En ce lendemain de la Journée nationale des Patriotes, journée qui symbolise la lutte de la nation du Québec pour gagner son pouvoir souverain de décider de ses propres affaires et de se doter d'institutions qui servent la réalisation et la défense de ses droits, il est bon de se rappeler que cette cause vit toujours. Au lendemain de l'écrasement de la rébellion héroïque des patriotes, l'empire britannique a subjugué la nation du Québec et lui a imposé ce qu'on a appelé les institutions démocratiques. À ce jour ces institutions continuent de marginaliser les citoyens par rapport aux prises de décisions. C'est le cas de l'Assemblée nationale et aussi de la procédure établie pour réformer la loi électorale. Les réformes prévues dans le projet de loi 101 présentement à l'étude continuent de faire obstacle à l'affirmation des droits modernes et à l'établissement de mécanismes modernes. Il y a 180 ans, les Patriotes se sont soulevés et ont sacrifié leur vie pour ces principes. Eux aussi se battaient contre la corruption, l'arbitraire et l'usurpation du pouvoir par des intérêts privés et affrontaient une élite qui agit avec impunité.

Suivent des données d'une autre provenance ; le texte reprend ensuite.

(* Let $T$ be a compact metric space, let $\eta$ be a sample-continuous max-infinitely divisible process on $T$ with vertex function identically $0$ and exponent measure $\mu$, and let $\Phi=\sum_{i=1}^N\delta_{\phi_i}$ be a Poisson random measure on $\mathbb{C}_0$ with intensity $\mu$ with $\eta=\max(\Phi)$. Let $K\subset T$ be closed and $\Phi_K^+=\sum_{i=1}^N1_{\{\exists t\in K:\ \phi_i(t)\ge\eta(t)\}}\delta_{\phi_i}$ the $K$-extremal point measure. Then $\Phi_K^+$ is almost surely finite if and only if one of the following holds: (i) $\mu(\mathbb{C}_0)<+\infty$; (ii) $\mu(\mathbb{C}_0)=+\infty$ and $\inf_{t\in K}\eta(t)>0$ almost surely.
   Context: $\mathbb{C}_0$ is the set of continuous $f:T\to[0,\infty)$ not identically zero with the sup norm. The vertex function is $h(t)=\sup\{x:\mathbb P(\eta(t)\ge x)=1\}$; the exponent measure $\mu$ is a Borel measure on $\mathbb{C}_0$ with $\mu(\{f:\|f\|>\varepsilon\})<\infty$ for all $\varepsilon>0$, such that $\mathbb P[\eta(K_i)<x_i,1\le i\le n]=\exp[-\mu(\cup_i\{f: f(K_i)\ge x_i\})]$ ($f(A)=\sup_Af$). $\max(\Phi)(t)=\max\{\phi(t):\phi\text{ atom of }\Phi\}$, and $0$ if $\Phi=0$. *)

theory Defs
  imports "HOL-Probability.Probability"
begin

text \<open>The space C_0 of continuous nonnegative functions on T (here the type 'a, a compact
  metric space) that are not identically zero, as a subset of the Banach space of
  bounded continuous functions with the sup norm.\<close>
definition C0 :: "('a::metric_space \<Rightarrow>\<^sub>C real) set" where
  "C0 = {f. (\<forall>t. 0 \<le> apply_bcontfun f t) \<and> f \<noteq> 0}"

La crise des institutions démocratiques

Le projet de loi 101 se propose de « donner suite aux recommandations de la commission Charbonneau en matière de financement politique ». C'est son titre. Avec cette loi le gouvernement dit vouloir rétablir la confiance dans les institutions démocratiques. La ministre responsable de l'Accès à l'information et de la Réforme des institutions démocratiques, Mme Rita de Santis, a déclaré le 12 mai que « tous ces gestes, nous les posons afin d'améliorer la confiance des contribuables envers les institutions démocratiques. » Par la suite, le 19 mai à l'Assemblée nationale, lors des échanges avant l'adoption du principe du projet de loi, les députés qui sont intervenus ont répété espérer et croire que les modifications apportées au projet de loi contribueront à rétablir la confiance des électeurs.

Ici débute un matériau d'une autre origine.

(* Let $(\mathcal S,\alpha)$ and $(\mathcal S',\beta)$ be IFS quasiarcs (in $\mathbb{R}^n$ and $\mathbb{R}^m$ respectively) with equal similarity dimension. Then $\alpha$ and $\beta$, with their Euclidean metrics, are bi-Lipschitz equivalent.
   Context: Let $\mathcal S=\{S_1,\dots,S_N\}$, $N\ge2$, be contracting similarities of $\mathbb{R}^n$ with ratios $r_i\in(0,1)$ and invariant set $\gamma$ (unique nonempty compact set with $\gamma=\bigcup_iS_i(\gamma)$). $(\mathcal S,\gamma)$ is an IFS path if there are $a,b$ with $S_1(a)=a$, $S_N(b)=b$, $S_i(b)=S_{i+1}(a)$ for $i=1,\dots,N-1$; an IFS arc if moreover $S_i(\gamma)\cap S_{i+1}(\gamma)=\{S_{i+1}(a)\}$ for $i=1,\dots,N-1$ and $S_i(\gamma)\cap S_j(\gamma)=\emptyset$ for $i,j\in\{1,\dots,N\}$, $|i-j|>1$; an IFS quasiarc if moreover $\gamma$ is quasisymmetrically equivalent to $[0,1]$. The similarity dimension is the $s>0$ with $\sum_i r_i^s=1$. *)

theory Defs
  imports "HOL-Analysis.Analysis"
begin

definition similarity_with_ratio :: "('a::metric_space \<Rightarrow> 'a) \<Rightarrow> real \<Rightarrow> bool" where
  "similarity_with_ratio f c \<longleftrightarrow> (\<forall>x y. dist (f x) (f y) = c * dist x y)"

definition contracting_IFS :: "nat \<Rightarrow> (nat \<Rightarrow> 'a::euclidean_space \<Rightarrow> 'a) \<Rightarrow> (nat \<Rightarrow> real) \<Rightarrow> bool" where
  "contracting_IFS N S r \<longleftrightarrow> N \<ge> 2 \<and>
     (\<forall>i\<in>{1..N}. 0 < r i \<and> r i < 1 \<and> similarity_with_ratio (S i) (r i))"

definition invariant_set :: "nat \<Rightarrow> (nat \<Rightarrow> 'a::euclidean_space \<Rightarrow> 'a) \<Rightarrow> 'a set \<Rightarrow> bool" where
  "invariant_set N S \<gamma> \<longleftrightarrow> \<gamma> \<noteq> {} \<and> compact \<gamma> \<and> \<gamma> = (\<Union>i\<in>{1..N}. S i ` \<gamma>)"

definition IFS_path :: "nat \<Rightarrow> (nat \<Rightarrow> 'a::euclidean_space \<Rightarrow> 'a) \<Rightarrow> (nat \<Rightarrow> real) \<Rightarrow> 'a set \<Rightarrow> bool" where
  "IFS_path N S r \<gamma> \<longleftrightarrow> contracting_IFS N S r \<and> invariant_set N S \<gamma> \<and>
     (\<exists>a b. S 1 a = a \<and> S N b = b \<and> (\<forall>i\<in>{1..<N}. S i b = S (i+1) a))"

definition IFS_arc :: "nat \<Rightarrow> (nat \<Rightarrow> 'a::euclidean_space \<Rightarrow> 'a) \<Rightarrow> (nat \<Rightarrow> real) \<Rightarrow> 'a set \<Rightarrow> bool" where
  "IFS_arc N S r \<gamma> \<longleftrightarrow> contracting_IFS N S r \<and> invariant_set N S \<gamma> \<and>
     (\<exists>a b. S 1 a = a \<and> S N b = b \<and> (\<forall>i\<in>{1..<N}. S i b = S (i+1) a) \<and>
        (\<forall>i\<in>{1..<N}. S i ` \<gamma> \<inter> S (i+1) ` \<gamma> = {S (i+1) a}) \<and>
        (\<forall>i\<in>{1..N}. \<forall>j\<in>{1..N}. \<bar>int i - int j\<bar> > 1 \<longrightarrow> S i ` \<gamma> \<inter> S j ` \<gamma> = {}))"

definition quasisymmetric_on :: "'a::metric_space set \<Rightarrow> ('a \<Rightarrow> 'b::metric_space) \<Rightarrow> bool" where
  "quasisymmetric_on A f \<longleftrightarrow> inj_on f A \<and>
     (\<exists>\<eta>::real \<Rightarrow> real. homeomorphism {0..} {0..} \<eta> (inv_into {0..} \<eta>) \<and> strict_mono_on {0..} \<eta> \<and>
        (\<forall>x\<in>A. \<forall>a\<in>A. \<forall>b\<in>A. \<forall>t\<ge>0. dist x a \<le> t * dist x b \<longrightarrow>
            dist (f x) (f a) \<le> \<eta> t * dist (f x) (f b)))"

definition quasisymmetrically_equivalent :: "'a::metric_space set \<Rightarrow> 'b::metric_space set \<Rightarrow> bool" where
  "quasisymmetrically_equivalent A B \<longleftrightarrow>
     (\<exists>f g. homeomorphism A B f g \<and> quasisymmetric_on A f)"

definition IFS_quasiarc :: "nat \<Rightarrow> (nat \<Rightarrow> 'a::euclidean_space \<Rightarrow> 'a) \<Rightarrow> (nat \<Rightarrow> real) \<Rightarrow> 'a set \<Rightarrow> bool" where
  "IFS_quasiarc N S r \<gamma> \<longleftrightarrow> IFS_arc N S r \<gamma> \<and> quasisymmetrically_equivalent \<gamma> ({0..1} :: real set)"

definition similarity_dimension :: "nat \<Rightarrow> (nat \<Rightarrow> real) \<Rightarrow> real" where
  "similarity_dimension N r = (THE s. s > 0 \<and> (\<Sum>i=1..N. r i powr s) = 1)"

definition bi_lipschitz_equivalent :: "'a::metric_space set \<Rightarrow> 'b::metric_space set \<Rightarrow> bool" where
  "bi_lipschitz_equivalent A B \<longleftrightarrow>
     (\<exists>f. f ` A = B \<and> (\<exists>C>0. \<forall>x\<in>A. \<forall>y\<in>A.
        dist x y / C \<le> dist (f x) (f y) \<and> dist (f x) (f y) \<le> C * dist x y))"

end

theory Submission
  imports Defs
begin

text \<open>
  Let s be the similarity dimension. Cut [0,1] into N consecutive intervals of lengths
  r_i^s and let phi be the map with phi (tau_i x) = S_i (phi x), where tau_i is the affine map
  of [0,1] onto the i-th interval; phi is the uniform limit of the iterated refinement of any
  path from a to b, and it maps [0,1] onto the arc. Both sides of
  dist (phi t) (phi u) ~ |t - u|^(1/s) rescale by the same factor r_i under tau_i, so it suffices
  to bound pairs t < u lying in different intervals. For non-adjacent intervals the pieces are at
  positive distance. For adjacent intervals the junction point lies between the images of t and
  u in the homeomorphic copy [0,1], and quasisymmetry turns this into
  dist (phi t) (phi u) >= delta * dist (phi t) (junction); the distance to the junction is
  controlled by the behaviour of phi near the endpoints, which again follows from
  self-similarity. Hence phi is bi-Lipschitz from the snowflake ([0,1], |t - u|^(1/s)) onto the
  arc, and two arcs of equal dimension are bi-Lipschitz equivalent through psi o phi^-1.
\<close>

lemma similarity_dimension_Moran:
  assumes N: "N \<ge> 2" and r: "\<And>i. i \<in> {1..N} \<Longrightarrow> 0 < r i \<and> r i < 1"
  shows "similarity_dimension N r > 0" "(\<Sum>i=1..N. r i powr similarity_dimension N r) = 1"
proof -
  define F where "F x = (\<Sum>i=1..N. r i powr x)" for x
  have F_strict_antimono: "F y < F x" if "x < y" for x y
    unfolding F_def using N r that by (intro sum_strict_mono) (auto intro: powr_less_mono')
  define \<rho> where "\<rho> = Max (r ` {1..N})"
  have \<rho>: "0 < \<rho>" "\<rho> < 1" "\<And>i. i \<in> {1..N} \<Longrightarrow> r i \<le> \<rho>"
  proof -
    have "\<rho> \<in> r ` {1..N}" unfolding \<rho>_def using N by (intro Max_in) auto
    then show "0 < \<rho>" "\<rho> < 1" using r by auto
    show "\<And>i. i \<in> {1..N} \<Longrightarrow> r i \<le> \<rho>" unfolding \<rho>_def by (intro Max_ge) auto
  qed
  obtain n where n: "\<rho> ^ n < 1 / real N"
    using real_arch_pow_inv[of "1 / real N" \<rho>] \<rho> N by auto
  have "F (real n) = (\<Sum>i=1..N. r i ^ n)"
    unfolding F_def using r by (intro sum.cong) (auto simp: powr_realpow)
  also have "\<dots> \<le> real N * \<rho> ^ n"
    using sum_mono[of "{1..N}" "\<lambda>i. r i ^ n" "\<lambda>_. \<rho> ^ n"] r \<rho>(3)
    by (simp add: power_mono less_imp_le)
  also have "\<dots> < 1" using n N by (simp add: field_simps)
  finally have "F (real n) \<le> 1" by simp
  have "F 0 = (\<Sum>i=1..N. 1)" unfolding F_def by (intro sum.cong) (use r in fastforce)+
  then have "F 0 = real N" by simp
  then have "1 < F 0" using N by simp
  moreover have "continuous_on {0..real n} F" unfolding F_def
    by (intro continuous_intros) (use r in fastforce)+
  ultimately obtain x where x: "0 \<le> x" "F x = 1"
    using IVT2'[of F "real n" 1 0] \<open>F (real n) \<le> 1\<close> by auto
  with \<open>1 < F 0\<close> have "x > 0" by (cases "x = 0") auto
  have "\<exists>!s. s > 0 \<and> (\<Sum>i=1..N. r i powr s) = 1"
  proof (rule ex1I[of _ x])
    show "x > 0 \<and> (\<Sum>i=1..N. r i powr x) = 1" using \<open>x > 0\<close> x unfolding F_def by auto
  next
    fix y assume "y > 0 \<and> (\<Sum>i=1..N. r i powr y) = 1"
    with x F_strict_antimono show "y = x" unfolding F_def by (metis less_irrefl neq_iff)
  qed
  from theI'[OF this]
  show "similarity_dimension N r > 0" "(\<Sum>i=1..N. r i powr similarity_dimension N r) = 1"
    unfolding similarity_dimension_def by auto
qed

lemma similarity_with_ratio_continuous_on:
  "similarity_with_ratio f c \<Longrightarrow> 0 \<le> c \<Longrightarrow> continuous_on A f"
  by (rule lipschitz_on_continuous_on[of c]) (simp add: lipschitz_on_def similarity_with_ratio_def)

Cette question de la confiance des électeurs, ou des « contribuables » comme le dit la ministre, dans nos institutions n'est pas nouvelle. Elle a été soulevée entre autres à la suite des révélations de la commission Gomery sur le scandale des commandites, lors des révélations de la Commission Charbonneau, et des changements majeurs ont été apportés à la loi électorale dans ce sens en 2010 (projets de loi 113, 14 et 118) puis encore en 2012 (projet de loi 2). Elle revient sur la table avec le projet de loi actuel.

Les faits permettent cependant de croire que les changements proposés dans le projet de loi 101 ne vont pas rétablir la crédibilité des institutions démocratiques. Plus les solutions proposées visent à resserrer le contrôle de l'État sur les partis politiques, plus ceux-ci deviennent des institutions d'État et plus on porte atteinte aux principes démocratiques de base que sont la liberté d'association, le droit de conscience, le droit à un vote informé, le droit d'élire et d'être élu et de participer directement à la gouvernance. Tenter de le justifier en disant que c'est pour améliorer la démocratie est non seulement l'expression d'un intérêt étroit, mais c'est aussi malavisé puisqu'elles font directement le contraire de ce qui est prétendu. L'attribution de pouvoirs policiers au Directeur général des élections du Québec (DGEQ) en matière de financement des partis et de membership, le resserrement du contrôle sur la participation des bénévoles à la vie des partis politiques et l'exigence que les donateurs donnent le nom de leur employeur lorsqu'ils font une contribution financière à un parti politique, sous prétexte de combattre les pratiques de corruption, sont des mesures antidémocratiques.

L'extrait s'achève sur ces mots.